-- Opening Marker --

definition sol_deriv :: "real \<Rightarrow> 'a" where
  "sol_deriv t = (\<Omega> o\<^sub>L \<Omega> o\<^sub>L x2 \<tau> \<Omega> t) (\<phi> (-2*\<tau>)) + x1 \<tau> \<Omega> (t + \<tau>) (\<phi>' (-2*\<tau>))
    + integral {-2*\<tau>..0} (\<lambda>s. x1 \<tau> \<Omega> (t - s - \<tau>) (\<phi>'' s))
    + integral {0..t} (\<lambda>s. x1 \<tau> \<Omega> (t - s - \<tau>) (f s))"

definition sol_deriv2 :: "real \<Rightarrow> 'a" where
  "sol_deriv2 t = (\<Omega> o\<^sub>L \<Omega> o\<^sub>L x1 \<tau> \<Omega> (t - \<tau>)) (\<phi> (-2*\<tau>)) + (\<Omega> o\<^sub>L \<Omega> o\<^sub>L x2 \<tau> \<Omega> t) (\<phi>' (-2*\<tau>))
    + integral {-2*\<tau>..0} (\<lambda>s. (\<Omega> o\<^sub>L \<Omega> o\<^sub>L x2 \<tau> \<Omega> (t - s - 2*\<tau>)) (\<phi>'' s))
    + x1 \<tau> \<Omega> (-\<tau>) (f t)
    + integral {0..t} (\<lambda>s. (\<Omega> o\<^sub>L \<Omega> o\<^sub>L x2 \<tau> \<Omega> (t - s - 2*\<tau>)) (f s))"

lemma sol_has_vector_derivative:
  assumes t: "t \<ge> 0"
  shows "(sol has_vector_derivative sol_deriv t) (at t within {0..})"
proof -
  have "((\<lambda>t. integral {-2*\<tau>..0} (\<lambda>s. x2 \<tau> \<Omega> (t - s) (\<phi>'' s))) has_vector_derivative
      integral {-2*\<tau>..0} (\<lambda>s. x1 \<tau> \<Omega> (t - s - \<tau>) (\<phi>'' s))) (at t within {0..})"
    using has_vector_derivative_integral_kernel_nonneg[OF x2_has_vector_derivative[OF iso tau]
      x1_delayed_continuous[OF iso tau] phi2c _ t] by simp
  moreover have "((\<lambda>t. integral {0..t} (\<lambda>s. x2 \<tau> \<Omega> (t - s) (f s))) has_vector_derivative
      x2 \<tau> \<Omega> 0 (f t) + integral {0..t} (\<lambda>s. x1 \<tau> \<Omega> (t - s - \<tau>) (f s))) (at t within {0..})"
    using has_vector_derivative_convolution_nonneg[OF x2_has_vector_derivative[OF iso tau]
      x1_delayed_continuous[OF iso tau] fc t] by simp
  ultimately have "((\<lambda>t. x1 \<tau> \<Omega> (t + \<tau>) (\<phi> (-2*\<tau>)) + x2 \<tau> \<Omega> (t + 2*\<tau>) (\<phi>' (-2*\<tau>))
        + integral {-2*\<tau>..0} (\<lambda>s. x2 \<tau> \<Omega> (t - s) (\<phi>'' s))
        + integral {0..t} (\<lambda>s. x2 \<tau> \<Omega> (t - s) (f s))) has_vector_derivative
     (\<Omega> o\<^sub>L \<Omega> o\<^sub>L x2 \<tau> \<Omega> t) (\<phi> (-2*\<tau>)) + x1 \<tau> \<Omega> (t + \<tau>) (\<phi>' (-2*\<tau>))
     + integral {-2*\<tau>..0} (\<lambda>s. x1 \<tau> \<Omega> (t - s - \<tau>) (\<phi>'' s))
     + (x2 \<tau> \<Omega> 0 (f t) + integral {0..t} (\<lambda>s. x1 \<tau> \<Omega> (t - s - \<tau>) (f s)))) (at t within {0..})"
    by (intro has_vector_derivative_add x1_advanced_has_vector_derivative
        x2_advanced_has_vector_derivative t)
  then have "((\<lambda>t. x1 \<tau> \<Omega> (t + \<tau>) (\<phi> (-2*\<tau>)) + x2 \<tau> \<Omega> (t + 2*\<tau>) (\<phi>' (-2*\<tau>))
        + integral {-2*\<tau>..0} (\<lambda>s. x2 \<tau> \<Omega> (t - s) (\<phi>'' s))
        + integral {0..t} (\<lambda>s. x2 \<tau> \<Omega> (t - s) (f s))) has_vector_derivative sol_deriv t)
      (at t within {0..})"
    unfolding sol_deriv_def using tau by (simp add: x2_nonpos)
  then show ?thesis
    by (rule has_vector_derivative_transform[rotated 2]) (use t in \<open>auto simp: delay_solution_def\<close>)
qed

lemma continuous_on_Omega2_x2_delayed:
  "continuous_on S (\<lambda>w. \<Omega> o\<^sub>L \<Omega> o\<^sub>L x2 \<tau> \<Omega> (w - 2*\<tau>))"
  by (intro bounded_bilinear.continuous_on[OF bounded_bilinear_blinfun_compose] continuous_on_const
      continuous_on_compose2[OF x2_continuous[OF iso tau]] continuous_intros) auto

lemma sol_deriv_has_vector_derivative:
  assumes t: "t \<ge> 0"
  shows "(sol_deriv has_vector_derivative sol_deriv2 t) (at t within {0..})"
proof -
  have "bounded_linear (\<lambda>X. \<Omega> o\<^sub>L \<Omega> o\<^sub>L X)"
    by (rule bounded_bilinear.bounded_linear_right[OF bounded_bilinear_blinfun_compose])
  from bounded_linear.has_vector_derivative[OF this x2_has_vector_derivative[OF iso tau t]]
  have "((\<lambda>t. (\<Omega> o\<^sub>L \<Omega> o\<^sub>L x2 \<tau> \<Omega> t) (\<phi> (-2*\<tau>))) has_vector_derivative
      (\<Omega> o\<^sub>L \<Omega> o\<^sub>L x1 \<tau> \<Omega> (t - \<tau>)) (\<phi> (-2*\<tau>))) (at t within {0..})"
    by (rule has_vector_derivative_blinfun_apply)
  moreover have "((\<lambda>t. integral {-2*\<tau>..0} (\<lambda>s. x1 \<tau> \<Omega> (t - s - \<tau>) (\<phi>'' s))) has_vector_derivative
      integral {-2*\<tau>..0} (\<lambda>s. (\<Omega> o\<^sub>L \<Omega> o\<^sub>L x2 \<tau> \<Omega> (t - s - 2*\<tau>)) (\<phi>'' s))) (at t within {0..})"
    using has_vector_derivative_integral_kernel_nonneg[where K="\<lambda>w. x1 \<tau> \<Omega> (w - \<tau>)",
      OF x1_delayed_has_vector_derivative[OF iso tau] continuous_on_Omega2_x2_delayed phi2c _ t]
    by simp
  moreover have "((\<lambda>t. integral {0..t} (\<lambda>s. x1 \<tau> \<Omega> (t - s - \<tau>) (f s))) has_vector_derivative
      x1 \<tau> \<Omega> (0 - \<tau>) (f t) + integral {0..t} (\<lambda>s. (\<Omega> o\<^sub>L \<Omega> o\<^sub>L x2 \<tau> \<Omega> (t - s - 2*\<tau>)) (f s)))
      (at t within {0..})"
    using has_vector_derivative_convolution_nonneg[where K="\<lambda>w. x1 \<tau> \<Omega> (w - \<tau>)",
      OF x1_delayed_has_vector_derivative[OF iso tau] continuous_on_Omega2_x2_delayed fc t]
    by simp
  ultimately have "(sol_deriv has_vector_derivative
     (\<Omega> o\<^sub>L \<Omega> o\<^sub>L x1 \<tau> \<Omega> (t - \<tau>)) (\<phi> (-2*\<tau>)) + (\<Omega> o\<^sub>L \<Omega> o\<^sub>L x2 \<tau> \<Omega> t) (\<phi>' (-2*\<tau>))
     + integral {-2*\<tau>..0} (\<lambda>s. (\<Omega> o\<^sub>L \<Omega> o\<^sub>L x2 \<tau> \<Omega> (t - s - 2*\<tau>)) (\<phi>'' s))
     + (x1 \<tau> \<Omega> (0 - \<tau>) (f t)
        + integral {0..t} (\<lambda>s. (\<Omega> o\<^sub>L \<Omega> o\<^sub>L x2 \<tau> \<Omega> (t - s - 2*\<tau>)) (f s)))) (at t within {0..})"
    unfolding sol_deriv_def[abs_def]
    by (intro has_vector_derivative_add x1_advanced_has_vector_derivative t)
  then show ?thesis unfolding sol_deriv2_def by (simp add: algebra_simps)
qed

lemma integral_Omega2_x2_apply:
  assumes "continuous_on {p..q} g"
  shows "integral {p..q} (\<lambda>s. (\<Omega> o\<^sub>L \<Omega> o\<^sub>L x2 \<tau> \<Omega> (t - s - 2*\<tau>)) (g s))
      = \<Omega> (\<Omega> (integral {p..q} (\<lambda>s. x2 \<tau> \<Omega> (t - 2*\<tau> - s) (g s))))"
proof -
  have c: "continuous_on {p..q} (\<lambda>s. x2 \<tau> \<Omega> (t - 2*\<tau> - s) (g s))"
    by (rule continuous_on_x2_apply[OF assms])
  have "integral {p..q} (\<lambda>s. (\<Omega> o\<^sub>L \<Omega> o\<^sub>L x2 \<tau> \<Omega> (t - s - 2*\<tau>)) (g s))
      = integral {p..q} (\<lambda>s. \<Omega> (\<Omega> (x2 \<tau> \<Omega> (t - 2*\<tau> - s) (g s))))"
    by (rule integral_cong) (simp add: algebra_simps)
  also have "\<dots> = \<Omega> (\<Omega> (integral {p..q} (\<lambda>s. x2 \<tau> \<Omega> (t - 2*\<tau> - s) (g s))))"
    using c by (simp add: integral_blinfun_apply integrable_continuous_interval
        blinfun.continuous_on[OF continuous_on_const c])
  finally show ?thesis .
qed
(* For $k\in\{0,1,2\}$ let $U_k=\begin{pmatrix}\cos(2k\pi/3)&-\sin(2k\pi/3)\\ \sin(2k\pi/3)&\cos(2k\pi/3)\end{pmatrix}$, let $|+\rangle=(1,0)$, $|-\rangle=(0,1)$. For $\lambda\in(0,1)$ define the POVM $\mathsf E^\lambda$ by $E^\lambda_k=\lambda\,\tfrac23U_k|+\rangle\langle+|U_k^*+(1-\lambda)\tfrac13\mathbb 1$, and for $\eta\in[0,1]$ define $\mathsf B^\eta$ by $B^\eta_k=U_kB^\eta_0U_k^*$ with $B^\eta_0=\eta\,\tfrac23|-\rangle\langle-|+(1-\eta)\tfrac13\mathbb 1$. If $$\eta\le \frac{\lambda^2}{2\left(1-\sqrt{1-\lambda^2}\right)},$$ then $\mathsf E^\lambda$ and $\mathsf B^\eta$ are jointly measurable. In particular, for $\eta=\lambda$ they are jointly measurable whenever $\lambda\le 4/5$.
   Context: Two POVMs $(E_k)_{k=0}^2$, $(B_j)_{j=0}^2$ on $\mathbb C^2$ are jointly measurable if there is a POVM $(N_{kj})$ with $\sum_jN_{kj}=E_k$ and $\sum_kN_{kj}=B_j$. *)

theory Defs
  imports "HOL-Analysis.Analysis"
begin

type_synonym cmat2 = "complex ^ 2 ^ 2"
type_synonym cvec2 = "complex ^ 2"

definition adj :: "cmat2 \<Rightarrow> cmat2" where
  "adj A = (\<chi> i j. cnj (A $ j $ i))"

definition qform :: "cmat2 \<Rightarrow> cvec2 \<Rightarrow> complex" where
  "qform A v = (\<Sum>i\<in>UNIV. \<Sum>j\<in>UNIV. cnj (v $ i) * A $ i $ j * v $ j)"

definition psd :: "cmat2 \<Rightarrow> bool" where
  "psd A \<longleftrightarrow> adj A = A \<and> (\<forall>v. Im (qform A v) = 0 \<and> 0 \<le> Re (qform A v))"

definition ketbra :: "cvec2 \<Rightarrow> cmat2" where
  "ketbra v = (\<chi> i j. v $ i * cnj (v $ j))"

definition ket_plus :: cvec2 where "ket_plus = vector [1, 0]"
definition ket_minus :: cvec2 where "ket_minus = vector [0, 1]"

definition rotU :: "nat \<Rightarrow> cmat2" where
  "rotU k = (let t = 2 * real k * pi / 3 in
     vector [vector [complex_of_real (cos t), complex_of_real (- sin t)],
             vector [complex_of_real (sin t), complex_of_real (cos t)]])"

definition povm3 :: "(nat \<Rightarrow> cmat2) \<Rightarrow> bool" where
  "povm3 E \<longleftrightarrow> (\<forall>k<3. psd (E k)) \<and> (\<Sum>k<3. E k) = mat 1"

-- Closing Marker --

## Instructions to follow:
Show all lines in the records above that hold "bool".

## Written answer:
definition psd :: "cmat2 \<Rightarrow> bool" where
definition povm3 :: "(nat \<Rightarrow> cmat2) \<Rightarrow> bool" where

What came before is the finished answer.